Главная » Каталог »
Опухолевая клеточная линия
Клеточная линия злокачественных опухолей печени мышей, индуцированных инактивацией онкосупрессоров p53, pten, rb1, axin1.
Мышиная модель ранних этапов канцерогенеза разработана в рамках аванпроекта «Онега-А» при финансировании ФПИ.
Характеристика
первичных злокачественных опухолей печени после введение мышам C57Bl/6 генетических конструкций с временной экспрессией Cas9 и гидовых РНК против онкосупрессоров p53, PTEN, RB1, Axin1
- Гепатоцеллюлярный рак
- Формирование опухолей на 3 месяц после инъекции генетической конструкции
- Образование метастазов в лёгких в 10% случаев
- Высокое сходство с гепатоцеллюлярной карциномой человека по морфологии и клиническому течению



Стратегия индукции канцерогенеза у мышей de novo
Инактивация онкосупрессоров → в норме (без мутаций) эти гены защищают от роста опухолей
Онкосупрессоры:
- Trp53 - (мут.) в опухолях печени как и во многих других встречаются чаще, чем в каких-либо других генах, в 30% случаев
- PTEN - (мут.) входит в двадцатку наиболее часто мутирующих генов при гепатоцеллюлярной карциноме
- Rb1 - мутирован в 5,1 % всех случаев рака
- Axin1 - мутирован в 10% опухолей при гепатоцеллюлярной карциноме
Схема создания клеточных линий злокачественных опухолей мышей, индуцированных геномным редактированием онкогенов и онкосупрессоров in vivo
Наработка векторов
- Генетические вектора на основе плазмиды PX459 содержат U6 промотор, последовательность гидовой РНК, направленной на гены онкосупрессоры и последовательность белка-нукеазы Cas9, необходимой для внесения драйверных мутация для онкогенеза.
- На клеточной линии NIH/3T3, методом секвенирования по Сенгеру, проверена эффективность всех разработанных вариантов для инактивации онкосупрессоров – все четыре конструкции «выключают» целевые гены Trp53, PTEN, Rb1, Axin1.
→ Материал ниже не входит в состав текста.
lemma sat_tendsto:
  assumes "\<And>x. (\<lambda>k. F k x) \<longlonglongrightarrow> f x" "\<And>k. sat (F k) g"
  shows "sat f g"
  unfolding sat_def
proof
  fix c assume "c \<in> set g"
  then have sat_k: "sat_atom (F k) c" for k using assms(2) unfolding sat_def by blast
  show "sat_atom f c"
  proof (cases c)
    case (CLe x m)
    then show ?thesis using closed_sequentially[OF closed_atMost _ assms(1)] sat_k by auto
  next
    case (CGe x m)
    then show ?thesis using closed_sequentially[OF closed_atLeast _ assms(1)] sat_k by auto
  next
    case (CEq x m)
    then show ?thesis using closed_sequentially[OF closed_singleton _ assms(1)] sat_k by auto
  qed
qed

lemma admissible_delays_limit:
  assumes adm: "\<And>k. admissible_delays a b p (W k) (D k)" and W: "W \<longlonglongrightarrow> w"
    and D: "\<And>i. i \<le> length (P_trans p) \<Longrightarrow> (\<lambda>k. D k i) \<longlonglongrightarrow> l i"
  shows "admissible_delays a b p w l"
    and "(\<lambda>k. final_energy p (W k) (D k)) \<longlonglongrightarrow> final_energy p w l"
proof -
  let ?n = "length (P_trans p)"
  have "\<forall>j\<le>?n. (\<lambda>k. D k j) \<longlonglongrightarrow> l j" using D by blast
  note clock = clock_val_tendsto[where p = p, OF this] and en = energy_tendsto[where p = p, OF W this]
  show "admissible_delays a b p w l"
    unfolding admissible_delays_def
  proof (intro conjI allI impI)
    fix i assume i: "i \<le> ?n"
    have G: "0 \<le> D k i" "sat (clock_val p (D k) i) (state_inv p i)"
      "sat (\<lambda>x. clock_val p (D k) i x + D k i) (state_inv p i)" "energy p (W k) (D k) i \<in> {a..b}"
      "energy p (W k) (D k) i + D k i * state_rate p i \<in> {a..b}" for k
      using adm[of k] i unfolding admissible_delays_def by blast+
    have "D k i \<in> {0..}" for k using G(1) by simp
    from closed_sequentially[OF closed_atLeast this D[OF i]] show "0 \<le> l i" by simp
    show "sat (clock_val p l i) (state_inv p i)"
      using clock(1)[OF i] G(2) by (rule sat_tendsto)
    show "sat (\<lambda>x. clock_val p l i x + l i) (state_inv p i)"
      using clock(2)[OF i] G(3) by (rule sat_tendsto)
    show "energy p w l i \<in> {a..b}"
      using closed_sequentially[OF closed_atLeastAtMost G(4) en(1)[OF i]] .
    show "energy p w l i + l i * state_rate p i \<in> {a..b}"
      using closed_sequentially[OF closed_atLeastAtMost G(5) en(2)[OF i]] .
  next
    fix i assume i: "i < ?n"
    then have "sat (\<lambda>x. clock_val p (D k) i x + D k i) (tr_guard p i)" for k
      using adm[of k] unfolding admissible_delays_def by blast
    then show "sat (\<lambda>x. clock_val p l i x + l i) (tr_guard p i)"
      using clock(2)[OF less_imp_le[OF i]] by (rule sat_tendsto[rotated])
  next
    fix x
    have "(\<lambda>k. clock_val p (D k) ?n x + D k ?n) = (\<lambda>k. 0)"
      using adm unfolding admissible_delays_def by simp
    then show "clock_val p l ?n x + l ?n = 0"
      using LIMSEQ_unique[OF clock(2)[OF order_refl, of x]] by simp
  qed
  show "(\<lambda>k. final_energy p (W k) (D k)) \<longlonglongrightarrow> final_energy p w l"
    unfolding final_energy_def using en(2)[OF order_refl] .
qed

lemma rel_graph_etp_rel_subset: "rel_graph (etp_rel {a..b} p) \<subseteq> {a..b} \<times> {a..b}"
proof
  fix z assume "z \<in> rel_graph (etp_rel {a..b} p)"
  then obtain d where adm: "admissible_delays a b p (fst z) d" and fin: "snd z = final_energy p (fst z) d"
    unfolding rel_graph_def etp_rel_iff_admissible_delays by auto
  have "energy p (fst z) d 0 \<in> {a..b}" "final_energy p (fst z) d \<in> {a..b}"
    using adm unfolding admissible_delays_def final_energy_def by blast+
  then show "z \<in> {a..b} \<times> {a..b}" using fin by (simp add: mem_Times_iff)
qed

lemma closed_rel_graph_etp_rel: "closed (rel_graph (etp_rel {a..b} p))"
  unfolding closed_sequential_limits
proof (intro allI impI, elim conjE)
  fix Z :: "nat \<Rightarrow> real \<times> real" and z
  assume Z: "\<forall>k. Z k \<in> rel_graph (etp_rel {a..b} p)" and lim: "Z \<longlonglongrightarrow> z"
  let ?n = "length (P_trans p)"
  have "\<forall>k. \<exists>d. admissible_delays a b p (fst (Z k)) d \<and> snd (Z k) = final_energy p (fst (Z k)) d \<and>
      (\<forall>i\<le>?n. d i \<in> {0..delay_bound a b p})"
  proof
    fix k
    have "etp_rel {a..b} p (fst (Z k)) (snd (Z k))"
      using Z unfolding rel_graph_def by (auto simp: case_prod_beta)
    then obtain d where "admissible_delays a b p (fst (Z k)) d" "snd (Z k) = final_energy p (fst (Z k)) d"
      "\<And>i. i \<le> ?n \<Longrightarrow> d i \<in> {0..delay_bound a b p}"
      by (rule etp_rel_bounded_delays) blast
    then show "\<exists>d. admissible_delays a b p (fst (Z k)) d \<and> snd (Z k) = final_energy p (fst (Z k)) d \<and>
      (\<forall>i\<le>?n. d i \<in> {0..delay_bound a b p})" by blast
  qed
  then obtain D where adm: "\<And>k. admissible_delays a b p (fst (Z k)) (D k)"
    and fin: "\<And>k. snd (Z k) = final_energy p (fst (Z k)) (D k)"
    and bnd: "\<And>k i. i \<le> ?n \<Longrightarrow> D k i \<in> {0..delay_bound a b p}"
    by (auto dest!: choice)
  have "bounded (range (\<lambda>k. D k i))" if "i \<le> ?n" for i
    using bnd[OF that] by (intro bounded_subset[OF bounded_closed_interval, of _ 0 "delay_bound a b p"]) auto
  then obtain r l where r: "strict_mono r" and l: "\<And>i. i \<le> ?n \<Longrightarrow> (\<lambda>k. D (r k) i) \<longlonglongrightarrow> l i"
    by (rule bounded_convergent_subseq) (auto simp del: atLeastAtMost_iff)
  have fst_lim: "(\<lambda>k. fst (Z (r k))) \<longlonglongrightarrow> fst z"
    using LIMSEQ_subseq_LIMSEQ[OF tendsto_fst[OF lim] r] by (simp add: o_def)
  have snd_lim: "(\<lambda>k. snd (Z (r k))) \<longlonglongrightarrow> snd z"
    using LIMSEQ_subseq_LIMSEQ[OF tendsto_snd[OF lim] r] by (simp add: o_def)
  note limit = admissible_delays_limit[OF adm fst_lim l]
  have "snd z = final_energy p (fst z) l"
    using LIMSEQ_unique[OF snd_lim] limit(2) fin by simp
  then have "etp_rel {a..b} p (fst z) (snd z)"
    unfolding etp_rel_iff_admissible_delays using limit(1) by blast
  then show "z \<in> rel_graph (etp_rel {a..b} p)" unfolding rel_graph_def by (simp add: case_prod_beta)
qed

lemma compact_rel_graph_etp_rel: "compact (rel_graph (etp_rel {a..b} p))"
proof -
  have "bounded ({a..b} \<times> {a..b :: real})"
    by (intro compact_imp_bounded compact_Times compact_Icc)
  then have "bounded (rel_graph (etp_rel {a..b} p))"
    using rel_graph_etp_rel_subset by (rule bounded_subset)
  then show ?thesis using closed_rel_graph_etp_rel by (simp add: compact_eq_bounded_closed)
qed

lemma rel_graph_relcompp_subset:
  "rel_graph R1 \<subseteq> E \<times> E \<Longrightarrow> rel_graph R2 \<subseteq> E \<times> E \<Longrightarrow> rel_graph (R1 OO R2) \<subseteq> E \<times> E"
  unfolding rel_graph_def by blast

lemma rel_graph_erel_seq:
  assumes "ps \<noteq> []"
  shows "compact (rel_graph (erel_seq {a..b} ps))" "convex (rel_graph (erel_seq {a..b} ps))"
    "rel_graph (erel_seq {a..b} ps) \<subseteq> {a..b} \<times> {a..b}"
  using assms
proof (induction "{a..b::real}" ps rule: erel_seq.induct)
  case (2 p)
  show "compact (rel_graph (erel_seq {a..b} [p]))" "convex (rel_graph (erel_seq {a..b} [p]))"
    "rel_graph (erel_seq {a..b} [p]) \<subseteq> {a..b} \<times> {a..b}"
    by (simp_all add: compact_rel_graph_etp_rel convex_rel_graph_etp_rel rel_graph_etp_rel_subset)
next
  case (3 p q ps)
  then show "compact (rel_graph (erel_seq {a..b} (p # q # ps)))"
    "convex (rel_graph (erel_seq {a..b} (p # q # ps)))"
    "rel_graph (erel_seq {a..b} (p # q # ps)) \<subseteq> {a..b} \<times> {a..b}"
    by (simp_all add: compact_rel_graph_relcompp convex_rel_graph_relcompp rel_graph_relcompp_subset
        compact_rel_graph_etp_rel convex_rel_graph_etp_rel rel_graph_etp_rel_subset)
qed simp_all

section \<open>The greatest fixpoint of the preimage map\<close>

definition nu_pre_rel :: "real set \<Rightarrow> (real \<Rightarrow> real \<Rightarrow> bool) \<Rightarrow> real set" where
  "nu_pre_rel E R = (\<Inter>i. (pre_rel E R ^^ i) E)"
Введение векторов для изменения генома
- Гидродинамическая инъекция в хвостовую вену — метод доставки растворов генетических конструкций взрослым мышам. Он заключается в быстром (за 4-8 секунд) введении большого объема жидкости, равного ~10% веса животного.
- Раствор, движущийся против кровотока, в основном попадает в печень. Это вызывает временную сердечную недостаточность и повышение давления, что приводит к повреждению гепатоцитов (набухание органелл, образование вакуолей). Образование вакуолей свидетельствует о активном поглощении клетками введенного материала.
- Несмотря на масштабное воздействие, метод малотоксичен: лишь около 5% гепатоцитов подвергаются некрозу или апоптозу.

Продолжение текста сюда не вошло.